Le procès de BNP Paribas s’ajoute à d’autres scandales qui ont touché l’Argentine ces dernières années et qui mettent en lumière le rôle joué par les banques étrangères dans l’évasion fiscale. On estime que 356 milliards d’euros non déclarés seraient sortis d’Argentine depuis 1976. Dans le cas du procès BNP, la justice a seulement pu prouver le blanchiment de près d’un milliard d’euros [5]. Mais il faut ajouter à celui-ci d’autres procès comme celui de HSBC, UBS et de JP Morgan.
Lors de l’enquête concernant la banque britannique HSBC, la justice a détecté l’existence de 4.040 comptes de clients argentins ouverts à Genève, parmi lesquels seulement 125 avaient été déclarés au fisc argentin. Quant au procès concernant JP Morgan, l’ancien responsable de la banque pour l’Amérique latine a révélé la manière dont la banque organisait l’évasion et le blanchiment d’argent dans une plateforme globale pour des clients « premium », ayant des comptes qui dépassaient les 25 millions de dollars. De grands oligopoles sont mêlés à cette affaire dont, le plus éloquent est celui du monopole de médias Clarín [6], qui contrôle les chaînes télévisées et les journaux les plus importants du pays [7].
Suite à ces scandales, une ancienne responsable d’UBS (premier groupe bancaire suisse) révèle à des membres de la commission bicamérale du Congrès argentin, qui enquêtent sur l’ouverture de comptes en Suisse par HSBC, l’existence d’un réseau d’intermédiaires d’UBS en Amérique latine.
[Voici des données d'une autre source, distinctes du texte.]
text \<open>L(x,lambda) = 2 sum_{k>=1} e^{(2k-1) i x} / (2k-1+lambda), index shifted to k>=0\<close>
definition Lser :: "real \<Rightarrow> real \<Rightarrow> complex" where
  "Lser x lam = 2 * (\<Sum>k. exp (\<i> * complex_of_real ((2 * real k + 1) * x)) / complex_of_real (2 * real k + 1 + lam))"

text \<open>S_{pi/2}(lambda) = 2 sum_{k>=1} (-1)^{k-1} / (2k-1+lambda), index shifted to k>=0\<close>
definition Spi2 :: "real \<Rightarrow> complex" where
  "Spi2 lam = complex_of_real (2 * (\<Sum>k. (-1) ^ k / (2 * real k + 1 + lam)))"

end

theory Submission
  imports Defs "HOL-Real_Asymp.Real_Asymp" "HOL-Complex_Analysis.Complex_Analysis"
begin

(* With q(t) = -e^(2it), the partial sums P_N of e^(ix lambda) L(x - pi/2, lambda) satisfy
   P_N'(t) = e^(it lambda)/cos t * (1 - q(t)^N), by summing a geometric series and using
   2 e^(it) cos t = 1 - q(t).  Integrating over [0, x],
     Eci(x) = P_N(x) - P_N(0) + int_0^x e^(it lambda)/cos t * q(t)^N dt,
   where the last integral oscillates with frequency 2N and so is O(1/N) by integration by parts,
   while P_N(0) tends to -i S_pi/2(lambda).

   For the Laplace form, h(w) = e^(-lambda w)/cosh w is holomorphic on the strip |Im w| < pi/2 and
   h(-it) = e^(it lambda)/cos t, so Eci(y) is the integral of h along [0, -iy].  Integrating a
   primitive of h around the rectangle 0, R, R - iy, -iy, the side Re w = R is O(e^(-(lambda+1) R));
   the limit R -> infinity is taken by dominated convergence, using
   |h(w)| <= 2 e^(-(lambda+1) Re w) / cos (Im w). *)

section \<open>A Riemann--Lebesgue lemma for continuously differentiable functions\<close>

lemma integral_mult_exp_by_parts:
  fixes f f' :: "real \<Rightarrow> complex"
  assumes "a \<le> b" "\<omega> \<noteq> 0"
    and deriv: "\<And>t. t \<in> {a..b} \<Longrightarrow> (f has_vector_derivative f' t) (at t within {a..b})"
    and cont: "continuous_on {a..b} f'"
  shows "integral {a..b} (\<lambda>t. f t * exp (\<i> * of_real (\<omega> * t)))
           = (f b * exp (\<i> * of_real (\<omega> * b)) - f a * exp (\<i> * of_real (\<omega> * a))
              - integral {a..b} (\<lambda>t. f' t * exp (\<i> * of_real (\<omega> * t)))) / (\<i> * of_real \<omega>)"
proof -
  define e where "e z = exp (\<i> * of_real \<omega> * z) / (\<i> * of_real \<omega>)" for z
  have "((\<lambda>t. f t * e (of_real t)) has_vector_derivative
      f t * exp (\<i> * of_real (\<omega> * t)) + f' t * e (of_real t)) (at t within {a..b})"
    if "t \<in> {a..b}" for t
  proof -
    have "(e has_field_derivative exp (\<i> * of_real (\<omega> * t))) (at (of_real t))"
      unfolding e_def using \<open>\<omega> \<noteq> 0\<close> by (auto intro!: derivative_eq_intros simp: field_simps)
    then show ?thesis
      using deriv[OF that] by (auto intro!: derivative_eq_intros has_vector_derivative_real_field)
  qed
  then have ftc: "((\<lambda>t. f t * exp (\<i> * of_real (\<omega> * t)) + f' t * e (of_real t)) has_integral
      f b * e (of_real b) - f a * e (of_real a)) {a..b}"
    using \<open>a \<le> b\<close> by (intro fundamental_theorem_of_calculus) auto
  have parts: "((\<lambda>t. f' t * e (of_real t)) has_integral
      integral {a..b} (\<lambda>t. f' t * exp (\<i> * of_real (\<omega> * t))) / (\<i> * of_real \<omega>)) {a..b}"
  proof -
    have "(\<lambda>t. f' t * exp (\<i> * of_real (\<omega> * t))) integrable_on {a..b}"
      by (intro integrable_continuous_interval continuous_intros cont)
    then show ?thesis
      unfolding e_def by (simp add: has_integral_divide integrable_integral mult.assoc times_divide_eq_right)
  qed
  have "((\<lambda>t. f t * exp (\<i> * of_real (\<omega> * t))) has_integral
      f b * e (of_real b) - f a * e (of_real a)
      - integral {a..b} (\<lambda>t. f' t * exp (\<i> * of_real (\<omega> * t))) / (\<i> * of_real \<omega>)) {a..b}"
    using has_integral_diff[OF ftc parts] by simp
  then show ?thesis
    unfolding e_def by (simp add: integral_unique diff_divide_distrib mult.assoc)
qed

lemma norm_integral_mult_exp_le:
  fixes f f' :: "real \<Rightarrow> complex"
  assumes "a \<le> b" "\<omega> > 0"
    and deriv: "\<And>t. t \<in> {a..b} \<Longrightarrow> (f has_vector_derivative f' t) (at t within {a..b})"
    and cont: "continuous_on {a..b} f'"
    and M: "\<And>t. t \<in> {a..b} \<Longrightarrow> norm (f' t) \<le> M"
  shows "norm (integral {a..b} (\<lambda>t. f t * exp (\<i> * of_real (\<omega> * t))))
           \<le> (norm (f a) + norm (f b) + M * (b - a)) / \<omega>"
proof -
  have integrable: "(\<lambda>t. f' t * exp (\<i> * of_real (\<omega> * t))) integrable_on {a..b}"
    by (intro integrable_continuous_interval continuous_intros cont)
  have "0 \<le> M"
    using M[of a] \<open>a \<le> b\<close> by (meson atLeastAtMost_iff norm_ge_zero order.refl order.trans)
  have bound: "norm (f' t * exp (\<i> * of_real (\<omega> * t))) \<le> M" if "t \<in> {a..b} - {}" for t
    using M that by (simp add: norm_mult)
  from has_integral_bound_real[OF \<open>0 \<le> M\<close> finite.emptyI integrable_integral[OF integrable] bound]
  have "norm (integral {a..b} (\<lambda>t. f' t * exp (\<i> * of_real (\<omega> * t)))) \<le> M * (b - a)"
    using \<open>a \<le> b\<close> by simp
  moreover have "norm (f b * exp (\<i> * of_real (\<omega> * b)) - f a * exp (\<i> * of_real (\<omega> * a)))
      \<le> norm (f a) + norm (f b)"
    using norm_triangle_ineq4[of "f b * exp (\<i> * of_real (\<omega> * b))" "f a * exp (\<i> * of_real (\<omega> * a))"]
    by (simp add: norm_mult)
  ultimately have "norm (f b * exp (\<i> * of_real (\<omega> * b)) - f a * exp (\<i> * of_real (\<omega> * a))
      - integral {a..b} (\<lambda>t. f' t * exp (\<i> * of_real (\<omega> * t)))) \<le> norm (f a) + norm (f b) + M * (b - a)"
    by (meson add_mono norm_triangle_ineq4 order_trans)
  moreover have "norm (integral {a..b} (\<lambda>t. f t * exp (\<i> * of_real (\<omega> * t))))
      = norm (f b * exp (\<i> * of_real (\<omega> * b)) - f a * exp (\<i> * of_real (\<omega> * a))
          - integral {a..b} (\<lambda>t. f' t * exp (\<i> * of_real (\<omega> * t)))) / \<omega>"
    using \<open>\<omega> > 0\<close> integral_mult_exp_by_parts[OF \<open>a \<le> b\<close> _ deriv cont, of \<omega>]
    by (simp add: norm_divide norm_mult)
  ultimately show ?thesis
    using \<open>\<omega> > 0\<close> by (simp add: divide_right_mono)
qed

lemma Riemann_Lebesgue_C1:
  fixes f f' :: "real \<Rightarrow> complex"
  assumes "a \<le> b"
    and "\<And>t. t \<in> {a..b} \<Longrightarrow> (f has_vector_derivative f' t) (at t within {a..b})"
    and cont: "continuous_on {a..b} f'"
  shows "((\<lambda>\<omega>. integral {a..b} (\<lambda>t. f t * exp (\<i> * of_real (\<omega> * t)))) \<longlongrightarrow> 0) at_top"
proof -
  obtain M where M: "\<And>t. t \<in> {a..b} \<Longrightarrow> norm (f' t) \<le> M"
    using continuous_on_compact_bound[OF compact_Icc cont] by blast
  show ?thesis
  proof (rule Lim_null_comparison)
    show "\<forall>\<^sub>F \<omega> in at_top. norm (integral {a..b} (\<lambda>t. f t * exp (\<i> * of_real (\<omega> * t))))
        \<le> (norm (f a) + norm (f b) + M * (b - a)) / \<omega>"
      using eventually_gt_at_top[of 0]
      by eventually_elim (rule norm_integral_mult_exp_le, use assms M in auto)
    show "((\<lambda>\<omega>. (norm (f a) + norm (f b) + M * (b - a)) / \<omega>) \<longlongrightarrow> 0) at_top"
      by real_asymp
  qed
qed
Ce réseau pratiquait des activités de blanchiment d’argent et la fuite de capitaux, selon une méthode similaire à celle employée par HSBC. UBS ne possédait pas de succursale en Argentine. Cependant, la banque disposait d’un réseau d’intermédiaires, n’ayant apparemment aucun rapport avec la banque, qui arrivait au pays et assistait à des évènements pour y dénicher des clients argentins. Le bureau argentin dédié à ces activités se trouvait à Genève. Le nombre de comptes argentins ouverts par UBS était similaire à celui dévoilé pour HSBC [8].
Enfin, comme l’explique le procureur Carlos Gonella (ancien responsable du parquet financier argentin), lors d’une interview, « le cas BNP en est un parmi beaucoup d’autres. Il y a aussi HSBC, UBS et JP Morgan. Ils ont tous la même logique et opèrent de la même manière. La rentabilité maximale de ces banques ne provient pas des dépôts bancaires ou des intérêts des crédits, mais des commissions dues aux transferts illicites qu’elles organisent (…) On ne parviendra pas à en finir avec ce phénomène. Ces pratiques sont consubstantielles au capitalisme. Ce que nous pouvons faire c’est réguler, contrôler et atténuer les conséquences négatives de ces pratiques » [9].